[Dataset entries]
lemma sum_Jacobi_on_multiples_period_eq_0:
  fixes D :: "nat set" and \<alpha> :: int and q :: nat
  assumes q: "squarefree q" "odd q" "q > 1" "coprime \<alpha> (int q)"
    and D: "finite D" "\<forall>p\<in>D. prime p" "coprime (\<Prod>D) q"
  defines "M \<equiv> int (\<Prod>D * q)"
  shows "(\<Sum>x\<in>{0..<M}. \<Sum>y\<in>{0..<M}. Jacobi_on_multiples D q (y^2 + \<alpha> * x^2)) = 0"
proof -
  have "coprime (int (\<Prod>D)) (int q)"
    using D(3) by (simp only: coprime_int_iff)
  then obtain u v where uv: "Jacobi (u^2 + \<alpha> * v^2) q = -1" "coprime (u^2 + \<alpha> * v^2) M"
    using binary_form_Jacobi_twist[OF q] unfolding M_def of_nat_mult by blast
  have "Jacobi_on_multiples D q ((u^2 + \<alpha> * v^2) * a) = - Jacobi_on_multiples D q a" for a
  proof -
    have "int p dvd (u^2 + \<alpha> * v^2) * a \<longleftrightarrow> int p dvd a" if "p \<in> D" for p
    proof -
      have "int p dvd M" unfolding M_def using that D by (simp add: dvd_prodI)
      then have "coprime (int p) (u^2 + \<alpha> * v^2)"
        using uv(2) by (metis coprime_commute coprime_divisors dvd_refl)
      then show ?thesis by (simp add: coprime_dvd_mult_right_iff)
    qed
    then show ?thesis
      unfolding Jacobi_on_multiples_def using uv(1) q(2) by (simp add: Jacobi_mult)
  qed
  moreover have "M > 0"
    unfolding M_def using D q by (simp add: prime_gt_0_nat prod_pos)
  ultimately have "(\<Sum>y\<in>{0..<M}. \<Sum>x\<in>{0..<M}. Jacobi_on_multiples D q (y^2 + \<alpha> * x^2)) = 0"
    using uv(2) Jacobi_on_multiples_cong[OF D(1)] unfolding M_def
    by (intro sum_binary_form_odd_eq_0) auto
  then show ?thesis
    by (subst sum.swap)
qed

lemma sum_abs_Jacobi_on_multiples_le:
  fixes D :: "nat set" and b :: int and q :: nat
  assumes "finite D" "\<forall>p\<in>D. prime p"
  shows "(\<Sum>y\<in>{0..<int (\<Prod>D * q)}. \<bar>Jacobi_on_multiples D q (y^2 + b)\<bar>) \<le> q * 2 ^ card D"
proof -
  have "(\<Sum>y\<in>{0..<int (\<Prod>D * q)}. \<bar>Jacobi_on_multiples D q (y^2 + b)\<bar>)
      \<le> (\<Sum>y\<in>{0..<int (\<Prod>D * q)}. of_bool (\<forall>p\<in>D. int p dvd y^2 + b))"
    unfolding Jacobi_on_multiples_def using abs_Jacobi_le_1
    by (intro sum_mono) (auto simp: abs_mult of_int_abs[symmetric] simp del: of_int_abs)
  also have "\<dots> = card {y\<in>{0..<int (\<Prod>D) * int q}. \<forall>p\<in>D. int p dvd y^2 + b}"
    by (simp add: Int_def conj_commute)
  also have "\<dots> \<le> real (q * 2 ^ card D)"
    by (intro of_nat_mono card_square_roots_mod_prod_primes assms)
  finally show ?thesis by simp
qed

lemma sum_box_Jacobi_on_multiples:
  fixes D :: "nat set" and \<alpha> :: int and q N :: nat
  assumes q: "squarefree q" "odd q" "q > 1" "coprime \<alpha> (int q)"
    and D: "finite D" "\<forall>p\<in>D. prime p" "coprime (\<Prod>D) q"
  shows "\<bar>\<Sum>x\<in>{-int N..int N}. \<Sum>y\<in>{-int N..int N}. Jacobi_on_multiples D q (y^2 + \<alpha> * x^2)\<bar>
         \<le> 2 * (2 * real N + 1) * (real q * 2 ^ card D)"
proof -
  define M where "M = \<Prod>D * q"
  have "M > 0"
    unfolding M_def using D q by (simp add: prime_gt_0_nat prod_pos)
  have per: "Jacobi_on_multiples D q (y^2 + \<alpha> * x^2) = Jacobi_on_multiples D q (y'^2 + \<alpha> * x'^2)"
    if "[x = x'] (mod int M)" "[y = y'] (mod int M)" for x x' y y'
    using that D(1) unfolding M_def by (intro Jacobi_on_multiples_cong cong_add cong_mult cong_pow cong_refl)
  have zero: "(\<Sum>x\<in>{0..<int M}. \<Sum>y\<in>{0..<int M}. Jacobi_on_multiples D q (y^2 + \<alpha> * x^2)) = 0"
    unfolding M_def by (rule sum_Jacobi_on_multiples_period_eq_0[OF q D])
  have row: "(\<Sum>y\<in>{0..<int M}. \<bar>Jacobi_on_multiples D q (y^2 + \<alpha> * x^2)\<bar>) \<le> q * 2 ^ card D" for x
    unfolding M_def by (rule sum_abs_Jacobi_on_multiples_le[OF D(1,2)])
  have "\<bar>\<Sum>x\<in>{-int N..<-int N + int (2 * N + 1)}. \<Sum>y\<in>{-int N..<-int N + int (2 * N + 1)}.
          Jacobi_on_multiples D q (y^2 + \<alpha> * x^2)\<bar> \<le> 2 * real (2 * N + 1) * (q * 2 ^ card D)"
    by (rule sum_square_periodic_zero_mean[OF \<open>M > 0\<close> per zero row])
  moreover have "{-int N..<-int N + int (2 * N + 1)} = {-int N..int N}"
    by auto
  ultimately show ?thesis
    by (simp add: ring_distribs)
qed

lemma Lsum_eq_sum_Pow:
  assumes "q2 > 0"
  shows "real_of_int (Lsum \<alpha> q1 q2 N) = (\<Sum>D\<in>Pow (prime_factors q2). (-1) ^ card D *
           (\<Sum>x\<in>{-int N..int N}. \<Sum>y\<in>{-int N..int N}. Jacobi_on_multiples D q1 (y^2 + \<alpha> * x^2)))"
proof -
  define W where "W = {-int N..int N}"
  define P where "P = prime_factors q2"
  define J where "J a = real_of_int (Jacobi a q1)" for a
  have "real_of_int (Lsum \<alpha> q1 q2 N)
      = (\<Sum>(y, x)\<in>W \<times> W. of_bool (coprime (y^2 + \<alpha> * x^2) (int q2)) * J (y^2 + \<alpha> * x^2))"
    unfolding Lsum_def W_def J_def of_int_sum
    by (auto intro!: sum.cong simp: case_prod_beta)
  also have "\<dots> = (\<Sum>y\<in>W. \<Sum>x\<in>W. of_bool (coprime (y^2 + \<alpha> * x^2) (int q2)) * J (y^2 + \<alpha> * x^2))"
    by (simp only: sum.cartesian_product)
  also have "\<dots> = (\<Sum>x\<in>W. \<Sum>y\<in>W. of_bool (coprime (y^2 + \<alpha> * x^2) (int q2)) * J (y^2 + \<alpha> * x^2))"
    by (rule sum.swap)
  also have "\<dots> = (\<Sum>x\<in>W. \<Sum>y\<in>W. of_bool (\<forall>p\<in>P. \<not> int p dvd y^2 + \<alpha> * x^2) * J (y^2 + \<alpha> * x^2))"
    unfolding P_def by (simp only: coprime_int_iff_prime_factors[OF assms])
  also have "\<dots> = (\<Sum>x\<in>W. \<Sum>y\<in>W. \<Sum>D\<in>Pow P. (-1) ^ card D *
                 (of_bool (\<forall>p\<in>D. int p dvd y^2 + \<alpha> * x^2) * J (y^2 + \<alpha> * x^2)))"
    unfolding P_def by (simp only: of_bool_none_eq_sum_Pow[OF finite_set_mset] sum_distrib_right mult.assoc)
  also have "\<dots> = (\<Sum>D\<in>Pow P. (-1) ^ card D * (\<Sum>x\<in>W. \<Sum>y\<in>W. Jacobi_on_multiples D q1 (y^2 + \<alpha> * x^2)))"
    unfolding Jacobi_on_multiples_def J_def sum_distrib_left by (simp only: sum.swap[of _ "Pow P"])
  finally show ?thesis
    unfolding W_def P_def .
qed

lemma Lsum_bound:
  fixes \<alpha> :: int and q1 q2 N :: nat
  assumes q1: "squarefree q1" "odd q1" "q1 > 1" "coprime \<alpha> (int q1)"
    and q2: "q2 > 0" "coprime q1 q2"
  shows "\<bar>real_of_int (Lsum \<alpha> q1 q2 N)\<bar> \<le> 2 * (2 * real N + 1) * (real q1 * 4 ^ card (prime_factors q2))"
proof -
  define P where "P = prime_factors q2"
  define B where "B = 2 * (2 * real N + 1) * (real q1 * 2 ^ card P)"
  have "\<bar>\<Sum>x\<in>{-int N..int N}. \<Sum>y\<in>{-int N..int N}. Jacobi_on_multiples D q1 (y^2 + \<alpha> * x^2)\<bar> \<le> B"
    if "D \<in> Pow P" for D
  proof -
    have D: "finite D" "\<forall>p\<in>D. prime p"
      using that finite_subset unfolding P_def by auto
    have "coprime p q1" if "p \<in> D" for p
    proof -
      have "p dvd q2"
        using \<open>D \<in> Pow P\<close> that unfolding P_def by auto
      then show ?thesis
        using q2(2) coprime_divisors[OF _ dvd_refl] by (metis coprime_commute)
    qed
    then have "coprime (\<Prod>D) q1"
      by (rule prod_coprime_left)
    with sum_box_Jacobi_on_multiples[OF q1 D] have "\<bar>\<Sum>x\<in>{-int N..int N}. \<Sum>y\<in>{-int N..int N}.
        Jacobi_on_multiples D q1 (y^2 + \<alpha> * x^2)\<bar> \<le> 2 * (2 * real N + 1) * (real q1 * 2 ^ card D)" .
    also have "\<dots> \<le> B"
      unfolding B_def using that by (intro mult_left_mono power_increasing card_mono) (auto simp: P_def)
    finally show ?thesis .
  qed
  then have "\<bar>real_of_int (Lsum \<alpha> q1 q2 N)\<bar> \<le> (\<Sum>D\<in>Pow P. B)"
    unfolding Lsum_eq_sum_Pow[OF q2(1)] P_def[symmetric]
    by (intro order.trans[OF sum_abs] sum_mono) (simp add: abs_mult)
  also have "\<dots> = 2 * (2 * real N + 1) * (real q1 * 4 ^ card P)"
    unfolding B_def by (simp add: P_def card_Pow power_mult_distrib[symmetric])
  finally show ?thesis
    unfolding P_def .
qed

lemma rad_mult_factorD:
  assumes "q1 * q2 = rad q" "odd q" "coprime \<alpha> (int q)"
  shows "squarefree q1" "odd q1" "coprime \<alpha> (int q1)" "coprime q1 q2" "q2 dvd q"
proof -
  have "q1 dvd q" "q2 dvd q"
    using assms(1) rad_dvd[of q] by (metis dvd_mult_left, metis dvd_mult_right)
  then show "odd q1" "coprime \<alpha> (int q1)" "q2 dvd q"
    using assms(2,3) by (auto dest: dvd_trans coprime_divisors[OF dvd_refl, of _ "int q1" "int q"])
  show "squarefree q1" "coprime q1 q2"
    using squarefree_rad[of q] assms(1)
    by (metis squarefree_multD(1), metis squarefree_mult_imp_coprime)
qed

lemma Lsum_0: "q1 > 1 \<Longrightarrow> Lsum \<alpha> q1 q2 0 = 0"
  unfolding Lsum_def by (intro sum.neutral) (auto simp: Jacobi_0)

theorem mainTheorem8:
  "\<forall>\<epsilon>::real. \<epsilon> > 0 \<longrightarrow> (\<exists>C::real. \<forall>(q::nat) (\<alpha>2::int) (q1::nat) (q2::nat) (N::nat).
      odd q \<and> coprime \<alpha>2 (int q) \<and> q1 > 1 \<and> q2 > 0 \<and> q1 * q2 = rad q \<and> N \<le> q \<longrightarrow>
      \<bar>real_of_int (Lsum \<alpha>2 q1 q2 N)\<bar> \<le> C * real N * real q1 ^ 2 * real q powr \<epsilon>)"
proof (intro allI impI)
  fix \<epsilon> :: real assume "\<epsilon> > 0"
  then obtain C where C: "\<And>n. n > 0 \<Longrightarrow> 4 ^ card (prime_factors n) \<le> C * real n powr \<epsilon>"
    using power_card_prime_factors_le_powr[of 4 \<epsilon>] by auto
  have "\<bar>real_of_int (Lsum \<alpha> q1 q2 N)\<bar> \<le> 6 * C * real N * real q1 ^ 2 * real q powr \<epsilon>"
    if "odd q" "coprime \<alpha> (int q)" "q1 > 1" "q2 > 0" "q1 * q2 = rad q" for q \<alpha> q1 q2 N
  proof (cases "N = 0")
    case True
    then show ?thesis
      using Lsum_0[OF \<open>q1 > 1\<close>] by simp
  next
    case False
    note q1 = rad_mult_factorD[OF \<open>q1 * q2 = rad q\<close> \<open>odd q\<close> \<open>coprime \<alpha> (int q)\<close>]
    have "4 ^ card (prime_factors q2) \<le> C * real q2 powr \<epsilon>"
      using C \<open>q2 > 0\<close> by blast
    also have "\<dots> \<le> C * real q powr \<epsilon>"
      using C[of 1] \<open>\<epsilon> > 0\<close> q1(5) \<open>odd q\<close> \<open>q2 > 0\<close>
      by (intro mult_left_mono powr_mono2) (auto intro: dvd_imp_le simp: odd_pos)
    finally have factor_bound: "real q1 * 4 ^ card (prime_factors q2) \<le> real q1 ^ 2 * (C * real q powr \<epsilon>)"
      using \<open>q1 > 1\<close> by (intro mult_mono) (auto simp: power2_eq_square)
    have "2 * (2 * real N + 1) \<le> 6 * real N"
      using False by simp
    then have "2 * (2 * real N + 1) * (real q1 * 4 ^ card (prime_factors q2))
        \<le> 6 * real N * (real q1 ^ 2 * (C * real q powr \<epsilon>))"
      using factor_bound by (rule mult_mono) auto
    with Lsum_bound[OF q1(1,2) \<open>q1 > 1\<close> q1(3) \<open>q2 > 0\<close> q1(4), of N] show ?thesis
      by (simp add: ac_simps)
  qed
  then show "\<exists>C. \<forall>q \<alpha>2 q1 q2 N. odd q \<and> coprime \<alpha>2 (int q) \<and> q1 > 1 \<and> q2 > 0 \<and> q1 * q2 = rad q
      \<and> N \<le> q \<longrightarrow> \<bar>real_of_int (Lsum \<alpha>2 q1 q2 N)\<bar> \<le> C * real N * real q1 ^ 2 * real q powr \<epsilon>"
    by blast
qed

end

* * *

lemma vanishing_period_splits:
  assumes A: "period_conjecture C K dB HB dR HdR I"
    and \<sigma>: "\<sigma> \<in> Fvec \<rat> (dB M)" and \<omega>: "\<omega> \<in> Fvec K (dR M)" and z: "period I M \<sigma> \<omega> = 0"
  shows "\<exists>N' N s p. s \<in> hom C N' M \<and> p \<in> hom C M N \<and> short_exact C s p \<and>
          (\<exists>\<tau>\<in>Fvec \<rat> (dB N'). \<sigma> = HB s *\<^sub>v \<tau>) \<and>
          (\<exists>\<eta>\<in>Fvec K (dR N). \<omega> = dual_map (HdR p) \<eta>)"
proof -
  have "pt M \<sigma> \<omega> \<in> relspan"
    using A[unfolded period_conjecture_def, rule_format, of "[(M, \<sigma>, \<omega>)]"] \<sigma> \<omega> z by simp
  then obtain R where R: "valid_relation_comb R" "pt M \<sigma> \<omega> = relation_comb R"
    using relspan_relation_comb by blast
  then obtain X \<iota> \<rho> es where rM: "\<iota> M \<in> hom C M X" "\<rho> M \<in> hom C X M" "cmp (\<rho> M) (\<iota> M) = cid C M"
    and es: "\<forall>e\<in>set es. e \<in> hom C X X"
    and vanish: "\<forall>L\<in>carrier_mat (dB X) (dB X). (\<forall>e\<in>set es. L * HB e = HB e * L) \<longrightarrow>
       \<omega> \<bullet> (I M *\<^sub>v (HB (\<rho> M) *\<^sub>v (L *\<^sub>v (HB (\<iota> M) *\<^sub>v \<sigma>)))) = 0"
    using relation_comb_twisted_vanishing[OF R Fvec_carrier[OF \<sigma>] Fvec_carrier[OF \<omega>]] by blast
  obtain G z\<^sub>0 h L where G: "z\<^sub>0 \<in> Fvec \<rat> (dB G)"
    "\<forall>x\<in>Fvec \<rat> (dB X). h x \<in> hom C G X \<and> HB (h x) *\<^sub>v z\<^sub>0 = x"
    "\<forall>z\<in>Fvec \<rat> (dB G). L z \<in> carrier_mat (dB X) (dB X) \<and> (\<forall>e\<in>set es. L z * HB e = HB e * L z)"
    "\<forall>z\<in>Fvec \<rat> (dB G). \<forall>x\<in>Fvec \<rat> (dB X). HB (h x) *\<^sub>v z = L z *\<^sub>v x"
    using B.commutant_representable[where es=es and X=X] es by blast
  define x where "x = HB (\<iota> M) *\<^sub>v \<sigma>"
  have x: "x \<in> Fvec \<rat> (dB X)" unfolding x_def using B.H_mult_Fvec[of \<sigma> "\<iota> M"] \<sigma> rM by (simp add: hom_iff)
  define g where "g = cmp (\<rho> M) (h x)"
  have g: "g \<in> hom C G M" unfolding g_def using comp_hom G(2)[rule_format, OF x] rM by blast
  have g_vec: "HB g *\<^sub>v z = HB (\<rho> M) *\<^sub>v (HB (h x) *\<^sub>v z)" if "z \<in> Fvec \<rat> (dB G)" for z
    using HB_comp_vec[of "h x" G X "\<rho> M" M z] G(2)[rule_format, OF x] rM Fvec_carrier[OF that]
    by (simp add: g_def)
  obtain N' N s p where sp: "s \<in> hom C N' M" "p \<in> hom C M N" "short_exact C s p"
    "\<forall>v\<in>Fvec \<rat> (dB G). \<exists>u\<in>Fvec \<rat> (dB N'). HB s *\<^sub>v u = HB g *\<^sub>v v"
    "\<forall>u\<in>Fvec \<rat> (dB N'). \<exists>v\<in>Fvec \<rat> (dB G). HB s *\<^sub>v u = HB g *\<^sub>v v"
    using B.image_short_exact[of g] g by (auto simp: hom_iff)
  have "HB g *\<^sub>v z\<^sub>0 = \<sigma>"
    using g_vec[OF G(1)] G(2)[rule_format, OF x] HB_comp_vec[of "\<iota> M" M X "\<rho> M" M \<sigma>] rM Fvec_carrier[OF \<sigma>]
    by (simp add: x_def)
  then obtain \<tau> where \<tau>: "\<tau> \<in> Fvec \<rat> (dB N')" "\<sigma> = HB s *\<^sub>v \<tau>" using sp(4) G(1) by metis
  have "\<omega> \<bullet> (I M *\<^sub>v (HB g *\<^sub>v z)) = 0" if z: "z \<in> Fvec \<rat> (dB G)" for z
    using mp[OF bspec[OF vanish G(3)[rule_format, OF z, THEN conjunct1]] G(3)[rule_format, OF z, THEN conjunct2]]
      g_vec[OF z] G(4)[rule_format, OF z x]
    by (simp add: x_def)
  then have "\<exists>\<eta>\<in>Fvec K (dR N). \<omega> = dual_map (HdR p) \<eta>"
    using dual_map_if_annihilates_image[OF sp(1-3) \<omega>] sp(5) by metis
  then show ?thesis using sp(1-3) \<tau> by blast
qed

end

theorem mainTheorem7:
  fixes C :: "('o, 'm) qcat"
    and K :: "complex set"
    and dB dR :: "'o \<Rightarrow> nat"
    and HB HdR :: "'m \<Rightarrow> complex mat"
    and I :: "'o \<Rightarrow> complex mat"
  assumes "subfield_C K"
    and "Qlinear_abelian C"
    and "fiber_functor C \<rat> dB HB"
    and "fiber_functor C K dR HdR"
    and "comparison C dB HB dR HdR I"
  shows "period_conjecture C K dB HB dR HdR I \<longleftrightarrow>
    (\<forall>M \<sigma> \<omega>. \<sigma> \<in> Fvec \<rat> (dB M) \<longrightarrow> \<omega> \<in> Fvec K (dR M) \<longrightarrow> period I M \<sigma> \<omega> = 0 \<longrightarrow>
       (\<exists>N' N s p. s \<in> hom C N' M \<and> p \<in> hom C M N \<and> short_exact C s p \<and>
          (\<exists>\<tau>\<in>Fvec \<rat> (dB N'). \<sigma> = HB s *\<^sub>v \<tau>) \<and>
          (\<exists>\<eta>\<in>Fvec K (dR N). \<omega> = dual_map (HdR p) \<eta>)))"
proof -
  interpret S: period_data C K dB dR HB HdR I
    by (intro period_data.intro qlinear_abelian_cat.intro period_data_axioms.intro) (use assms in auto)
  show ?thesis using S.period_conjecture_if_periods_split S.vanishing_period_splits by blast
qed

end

==

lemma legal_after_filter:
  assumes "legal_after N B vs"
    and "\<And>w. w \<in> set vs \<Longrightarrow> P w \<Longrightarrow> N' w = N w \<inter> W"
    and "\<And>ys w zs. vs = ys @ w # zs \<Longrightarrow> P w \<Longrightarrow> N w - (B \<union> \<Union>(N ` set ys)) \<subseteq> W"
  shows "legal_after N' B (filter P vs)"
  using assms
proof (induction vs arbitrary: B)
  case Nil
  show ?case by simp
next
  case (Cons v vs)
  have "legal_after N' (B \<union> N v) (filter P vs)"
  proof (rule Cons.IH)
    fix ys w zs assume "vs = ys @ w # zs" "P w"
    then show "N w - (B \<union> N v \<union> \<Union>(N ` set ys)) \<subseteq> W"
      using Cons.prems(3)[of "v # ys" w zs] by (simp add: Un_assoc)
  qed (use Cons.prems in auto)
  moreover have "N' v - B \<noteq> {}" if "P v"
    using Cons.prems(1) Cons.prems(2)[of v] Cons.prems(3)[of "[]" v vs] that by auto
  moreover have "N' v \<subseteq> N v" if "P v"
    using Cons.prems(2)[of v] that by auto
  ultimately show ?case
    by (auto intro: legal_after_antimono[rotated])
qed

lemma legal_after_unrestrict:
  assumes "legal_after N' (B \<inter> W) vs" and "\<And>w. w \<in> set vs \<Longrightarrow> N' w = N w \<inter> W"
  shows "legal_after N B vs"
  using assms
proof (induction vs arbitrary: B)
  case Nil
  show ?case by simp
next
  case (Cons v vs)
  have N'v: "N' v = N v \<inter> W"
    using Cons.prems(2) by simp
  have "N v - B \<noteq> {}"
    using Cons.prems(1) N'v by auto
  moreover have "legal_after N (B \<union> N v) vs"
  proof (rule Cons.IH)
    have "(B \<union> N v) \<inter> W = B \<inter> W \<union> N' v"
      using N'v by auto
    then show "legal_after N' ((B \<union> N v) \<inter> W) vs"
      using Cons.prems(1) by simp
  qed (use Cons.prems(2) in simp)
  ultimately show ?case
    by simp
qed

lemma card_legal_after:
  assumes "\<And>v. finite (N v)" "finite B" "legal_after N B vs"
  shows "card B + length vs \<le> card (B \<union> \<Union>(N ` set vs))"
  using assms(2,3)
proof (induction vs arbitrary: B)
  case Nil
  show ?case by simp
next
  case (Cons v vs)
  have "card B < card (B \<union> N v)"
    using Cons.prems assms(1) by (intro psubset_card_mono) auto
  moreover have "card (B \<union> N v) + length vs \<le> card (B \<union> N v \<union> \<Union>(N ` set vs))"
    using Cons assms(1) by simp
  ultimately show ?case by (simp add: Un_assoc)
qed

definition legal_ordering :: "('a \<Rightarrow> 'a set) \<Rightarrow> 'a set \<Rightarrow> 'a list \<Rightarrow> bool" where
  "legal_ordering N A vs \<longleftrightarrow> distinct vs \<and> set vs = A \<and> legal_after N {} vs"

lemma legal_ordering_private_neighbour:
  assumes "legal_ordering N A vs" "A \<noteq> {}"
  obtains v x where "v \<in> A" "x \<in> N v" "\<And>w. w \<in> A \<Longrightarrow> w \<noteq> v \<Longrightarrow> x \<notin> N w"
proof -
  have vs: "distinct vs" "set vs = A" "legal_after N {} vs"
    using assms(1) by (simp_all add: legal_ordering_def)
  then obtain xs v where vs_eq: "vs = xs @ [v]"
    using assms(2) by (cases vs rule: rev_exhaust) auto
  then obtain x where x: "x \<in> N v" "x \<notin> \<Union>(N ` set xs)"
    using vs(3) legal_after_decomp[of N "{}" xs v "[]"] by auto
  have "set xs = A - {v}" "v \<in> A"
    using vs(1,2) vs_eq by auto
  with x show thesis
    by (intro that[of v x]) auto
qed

» **Task to complete**
Among the lines above, find those with the word "complex". Copy them.

» **Written response**
    and K :: "complex set"
    and HB HdR :: "'m \<Rightarrow> complex mat"
    and I :: "'o \<Rightarrow> complex mat"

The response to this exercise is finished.